With the film’s rural location there is a sense of this almost being an overlooked and an only semi-developed place, where nature may at any times just re-encroach and take over the town. When the children leave its environs, very quickly it seems as though they have stepped into a near wilderness, which is marked as being part of civilisation by the presence of the railway track that they follow but the rural areas seem otherwise curiously unregulated and near frontier like, while a scrapyard the group of boys hang out in is shown as a dangerous or also unregulated edgeland like place.

In some ways Stand By Me could be seen as the John Hughes film he never wrote/made (Hughes is well known for a cycle of 1980s teen orientated films including Pretty in Pink and the Breakfast Club from 1986 and 1985 respectively, which often dealt with class, outsider status and coming of age issues).

As with that cycle of Hughes’ films Stand By Me is in part about class and the way it and also family background can restrict choices and effectively preset pathways through life; in the voiceover conclusion to Reiner’s film the viewer is told that the normal child goes on to have a normal job and family life and the child from an unsettled family ends up wayward.

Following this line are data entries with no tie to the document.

definition Lr :: "('a, 'x) mon \<Rightarrow> 'a list set" where
  "Lr m = {s. wtrace m s No}"

text \<open>L \<cdot> Act^omega, infinite words as functions nat \<Rightarrow> 'a.\<close>
definition omega_ext :: "'a list set \<Rightarrow> (nat \<Rightarrow> 'a) set" where
  "omega_ext L = {w. \<exists>s\<in>L. \<exists>w'. w = (\<lambda>i. if i < length s then s ! i else w' (i - length s))}"

definition omega_eq_closed :: "('a, 'x) mon \<Rightarrow> ('a, 'x) mon \<Rightarrow> bool" where
  "omega_eq_closed m n \<longleftrightarrow>
     omega_ext (La m) = omega_ext (La n) \<and> omega_ext (Lr m) = omega_ext (Lr n)"

definition omega_eq :: "('a, 'x) mon \<Rightarrow> ('a, 'x) mon \<Rightarrow> bool" where
  "omega_eq m n \<longleftrightarrow>
     (\<forall>\<sigma>. (\<forall>x. closed (\<sigma> x)) \<longrightarrow> omega_eq_closed (subst \<sigma> m) (subst \<sigma> n))"

text \<open>Derivability in equational logic from E_v'. Axioms are given as schemas
  over arbitrary monitors (= all substitution instances of the axioms).\<close>
inductive Ev_derives :: "('a, 'x) mon \<Rightarrow> ('a, 'x) mon \<Rightarrow> bool" where
  A1: "Ev_derives (Sum x y) (Sum y x)"
| A2: "Ev_derives (Sum x (Sum y z)) (Sum (Sum x y) z)"
| A3: "Ev_derives (Sum x x) x"
| A4: "Ev_derives (Sum x End) x"
| Ea: "Ev_derives (Pre a End) End"
| Ya: "Ev_derives Yes (Sum Yes (Pre a Yes))"
| Na: "Ev_derives No (Sum No (Pre a No))"
| Da: "Ev_derives (Pre a (Sum x y)) (Sum (Pre a x) (Pre a y))"
| O1: "Ev_derives (Sum Yes No) (Sum (Sum Yes No) x)"
| refl: "Ev_derives m m"
| sym: "Ev_derives m n \<Longrightarrow> Ev_derives n m"
| trans: "Ev_derives m n \<Longrightarrow> Ev_derives n k \<Longrightarrow> Ev_derives m k"
| cong_pre: "Ev_derives m n \<Longrightarrow> Ev_derives (Pre a m) (Pre a n)"
| cong_sum: "Ev_derives m1 n1 \<Longrightarrow> Ev_derives m2 n2 \<Longrightarrow> Ev_derives (Sum m1 m2) (Sum n1 n2)"

end

theory Submission
  imports Defs
begin

text \<open>Write \<open>m \<sqsupseteq> n\<close> (\<open>absorbs m n\<close>) for \<open>\<turnstile> m = m + n\<close>. As \<open>Act\<close> is
  infinite, some action \<open>c\<close> occurs in neither \<open>m\<close> nor \<open>n\<close>. Derivably \<open>m \<sqsupseteq> n\<close> holds
  as soon as every path of \<open>n\<close> to \<open>yes\<close> or \<open>no\<close> is one of \<open>m\<close>, and every path
  of \<open>n\<close> to a variable \<open>x\<close> is either a path of \<open>m\<close> to \<open>x\<close> or one along which
  \<open>m\<close> reaches both \<open>yes\<close> and \<open>no\<close>, after which (O1) absorbs anything. Both
  conditions follow from \<open>m \<simeq>\<^sub>\<omega> n\<close> by testing closed instances on the word
  \<open>s c c c \<dots>\<close>: substituting \<open>end\<close> for every variable gives the first,
  substituting \<open>c.v\<close> for \<open>x\<close> the second. Since \<open>c\<close> is fresh, \<open>m\<close> cannot
  match such a test through any other part of its syntax. Applying this in both directions
  gives \<open>\<turnstile> m = n\<close>.\<close>

section \<open>Weak traces as syntactic paths\<close>

text \<open>A verdict reached before the end of \<open>s\<close> absorbs the remaining actions.\<close>
fun verdict_path :: "('a,'x) mon \<Rightarrow> ('a,'x) mon \<Rightarrow> 'a list \<Rightarrow> bool" where
  "verdict_path v Yes s \<longleftrightarrow> v = Yes"
| "verdict_path v No s \<longleftrightarrow> v = No"
| "verdict_path v End s \<longleftrightarrow> False"
| "verdict_path v (Var x) s \<longleftrightarrow> False"
| "verdict_path v (Pre a k) [] \<longleftrightarrow> False"
| "verdict_path v (Pre a k) (b # s) \<longleftrightarrow> a = b \<and> verdict_path v k s"
| "verdict_path v (Sum k1 k2) s \<longleftrightarrow> verdict_path v k1 s \<or> verdict_path v k2 s"

fun var_path :: "('a,'x) mon \<Rightarrow> 'x \<Rightarrow> 'a list \<Rightarrow> bool" where
  "var_path (Var y) x s \<longleftrightarrow> y = x \<and> s = []"
| "var_path (Pre a k) x [] \<longleftrightarrow> False"
| "var_path (Pre a k) x (b # s) \<longleftrightarrow> a = b \<and> var_path k x s"
| "var_path (Sum k1 k2) x s \<longleftrightarrow> var_path k1 x s \<or> var_path k2 x s"
| "var_path _ x s \<longleftrightarrow> False"

lemma verdict_path_imp_verdict: "verdict_path v k s \<Longrightarrow> v = Yes \<or> v = No"
proof (induction k arbitrary: s)
  case (Pre a k)
  then show ?case by (cases s) auto
qed auto

lemma verdict_path_step_tau: "step k None k' \<Longrightarrow> verdict_path v k' s \<Longrightarrow> verdict_path v k s"
  by (induction k "None :: 'a option" k' rule: step.induct) auto

lemma verdict_path_step_action:
  "step k (Some a) k' \<Longrightarrow> verdict_path v k' s \<Longrightarrow> verdict_path v k (a # s)"
  by (induction k "Some a" k' rule: step.induct) (auto elim: is_verdict.elims)

lemma verdict_path_tau_star: "tau_star k k' \<Longrightarrow> verdict_path v k' s \<Longrightarrow> verdict_path v k s"
  unfolding tau_star_def
  by (induction rule: converse_rtranclp_induct) (auto intro: verdict_path_step_tau)

lemma wtrace_imp_verdict_path:
  "wtrace k s v \<Longrightarrow> v = Yes \<or> v = No \<Longrightarrow> verdict_path v k s"
proof (induction rule: wtrace.induct)
  case (wt_eps m m')
  then show ?case by (auto intro: verdict_path_tau_star)
next
  case (wt_cons m m1 a m2 m3 s m')
  then have "verdict_path m' m3 s"
    by (cases "s = []") (auto intro: verdict_path_tau_star)
  then show ?case
    using wt_cons by (auto intro: verdict_path_tau_star verdict_path_step_action)
qed

lemma verdict_path_Nil_step: "verdict_path v k [] \<Longrightarrow> step k None v"
  by (induction k) (auto intro: step.intros)

lemma verdict_path_Cons_step:
  "verdict_path v k (a # s) \<Longrightarrow> \<exists>k'. step k (Some a) k' \<and> verdict_path v k' s"
proof (induction k)
  case Yes
  then show ?case using step_verd[of Yes] by force
next
  case No
  then show ?case using step_verd[of No] by force
qed (auto intro: step.intros)

lemma wtrace_step_action:
  assumes "step k (Some a) k'" and "wtrace k' s v"
  shows "wtrace k (a # s) v"
proof (cases "s = []")
  case True
  with assms(2) have "tau_star k' v" by (auto elim: wtrace.cases)
  with assms(1) True show ?thesis by (auto intro: wt_cons simp: tau_star_def)
next
  case False
  with assms show ?thesis by (auto intro: wt_cons simp: tau_star_def)
qed

lemma verdict_path_imp_wtrace: "verdict_path v k s \<Longrightarrow> wtrace k s v"
proof (induction s arbitrary: k)
  case Nil
  then have "step k None v" by (rule verdict_path_Nil_step)
  then show ?case by (simp add: wt_eps tau_star_def r_into_rtranclp)
next
  case (Cons a s)
  then show ?case using verdict_path_Cons_step by (metis wtrace_step_action)
qed

lemma wtrace_iff_verdict_path: "v = Yes \<or> v = No \<Longrightarrow> wtrace k s v \<longleftrightarrow> verdict_path v k s"
  using wtrace_imp_verdict_path verdict_path_imp_wtrace by blast

section \<open>Derivable absorption\<close>

declare Ev_derives.trans[trans]

abbreviation absorbs :: "('a,'x) mon \<Rightarrow> ('a,'x) mon \<Rightarrow> bool" where
  "absorbs m n \<equiv> Ev_derives m (Sum m n)"

lemma absorbs_refl: "absorbs m m"
  by (rule Ev_derives.sym, rule A3)

lemma absorbs_trans:
  assumes "absorbs m n" and "absorbs n k"
  shows "absorbs m k"
proof -
  have "Ev_derives m (Sum m n)" by (rule assms(1))
  also have "Ev_derives \<dots> (Sum m (Sum n k))" by (rule cong_sum[OF Ev_derives.refl assms(2)])
  also have "Ev_derives \<dots> (Sum (Sum m n) k)" by (rule A2)
  also have "Ev_derives \<dots> (Sum m k)" by (rule cong_sum[OF Ev_derives.sym[OF assms(1)] Ev_derives.refl])
  finally show ?thesis .
qed

lemma absorbs_Sum_left: "absorbs (Sum m n) m"
proof -
  have "Ev_derives (Sum m n) (Sum (Sum m m) n)" by (rule cong_sum[OF Ev_derives.sym[OF A3] Ev_derives.refl])
  also have "Ev_derives \<dots> (Sum m (Sum m n))" by (rule Ev_derives.sym[OF A2])
  also have "Ev_derives \<dots> (Sum (Sum m n) m)" by (rule A1)
  finally show ?thesis .
qed

lemma absorbs_Sum_right: "absorbs (Sum m n) n"
proof -
  have "Ev_derives (Sum m n) (Sum m (Sum n n))" by (rule cong_sum[OF Ev_derives.refl Ev_derives.sym[OF A3]])
  also have "Ev_derives \<dots> (Sum (Sum m n) n)" by (rule A2)
  finally show ?thesis .
qed

lemma absorbs_Sum:
  assumes "absorbs m n" and "absorbs m k"
  shows "absorbs m (Sum n k)"
proof -
  have "Ev_derives m (Sum m k)" by (rule assms(2))
  also have "Ev_derives \<dots> (Sum (Sum m n) k)" by (rule cong_sum[OF assms(1) Ev_derives.refl])
  also have "Ev_derives \<dots> (Sum m (Sum n k))" by (rule Ev_derives.sym[OF A2])
  finally show ?thesis .
qed

lemma absorbs_Pre: "absorbs m n \<Longrightarrow> absorbs (Pre a m) (Pre a n)"
  by (rule Ev_derives.trans[OF cong_pre Da])

lemma absorbs_End: "absorbs m End"
  by (rule Ev_derives.sym, rule A4)

lemma Ev_derives_imp_absorbs: "Ev_derives m n \<Longrightarrow> absorbs m n"
  by (rule Ev_derives.trans[OF Ev_derives.sym[OF A3] cong_sum[OF Ev_derives.refl]])

lemma absorbs_antisym:
  assumes "absorbs m n" and "absorbs n m"
  shows "Ev_derives m n"
proof -
  have "Ev_derives m (Sum m n)" by (rule assms(1))
  also have "Ev_derives \<dots> (Sum n m)" by (rule A1)
  also have "Ev_derives \<dots> n" by (rule Ev_derives.sym[OF assms(2)])
  finally show ?thesis .
qed

definition prefixes :: "'a list \<Rightarrow> ('a,'x) mon \<Rightarrow> ('a,'x) mon" where
  "prefixes s k = foldr Pre s k"

lemma prefixes_simps [simp]:
  "prefixes [] k = k"
  "prefixes (a # s) k = Pre a (prefixes s k)"
  "prefixes (s @ t) k = prefixes s (prefixes t k)"
  by (simp_all add: prefixes_def)

lemma prefixes_End: "Ev_derives (prefixes s End) End"
  by (induction s) (auto intro: Ev_derives.refl Ev_derives.trans[OF cong_pre Ea])

lemma prefixes_Sum: "Ev_derives (prefixes s (Sum k1 k2)) (Sum (prefixes s k1) (prefixes s k2))"
  by (induction s) (auto intro: Ev_derives.refl Ev_derives.trans[OF cong_pre Da])

lemma absorbs_prefixes: "absorbs k k' \<Longrightarrow> absorbs (prefixes s k) (prefixes s k')"
  by (induction s) (auto intro: absorbs_Pre)

lemma verdict_absorbs_prefixes: "v = Yes \<or> v = No \<Longrightarrow> absorbs v (prefixes s v)"
proof (induction s)
  case Nil
  then show ?case using absorbs_refl by simp
next
  case (Cons a s)
  then have "absorbs v (Pre a v)" using Ya[of a] Na[of a] by auto
  moreover have "absorbs (Pre a v) (Pre a (prefixes s v))" using Cons by (auto intro: absorbs_Pre)
  ultimately show ?case by (auto intro: absorbs_trans)
qed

Another child from a family of drunks and criminals takes college courses, escapes from the binds of his earlier life and becomes a lawyer but is murdered when breaking up a fight in a fast-food restaurant. The narrator, whose parents were the ones numbed by grief and who neglected him, is from a middle class family and despite the more dysfunctional aspects of his background he has gone on to be a successful, published writer and at the end of the film is shown living a normal family life as he walks outside and drives away with his son and his son’s friend to take them swimming.

Indeed Stand by Me seems to represent a turning point towards these preset pathways, as the voiceover also tells of how once they return from the voyage the friends largely drifted apart.

While largely a fairly realist film, albeit in a Hollywood manner, there is a curious and disjunctive section where the boy who will go on to be a successful writer tells the others a story about a pie eating competition which results in a mass outbreak of prodigious vomiting in the audience – all of which is portrayed in vivid detail. As mentioned earlier the film was based on a novella by Stephen King and the surreal fantasy like aspect of this section could be seen to be a point of connection to other areas of his fictional output such as the fantasy and horror work for which he is probably best known.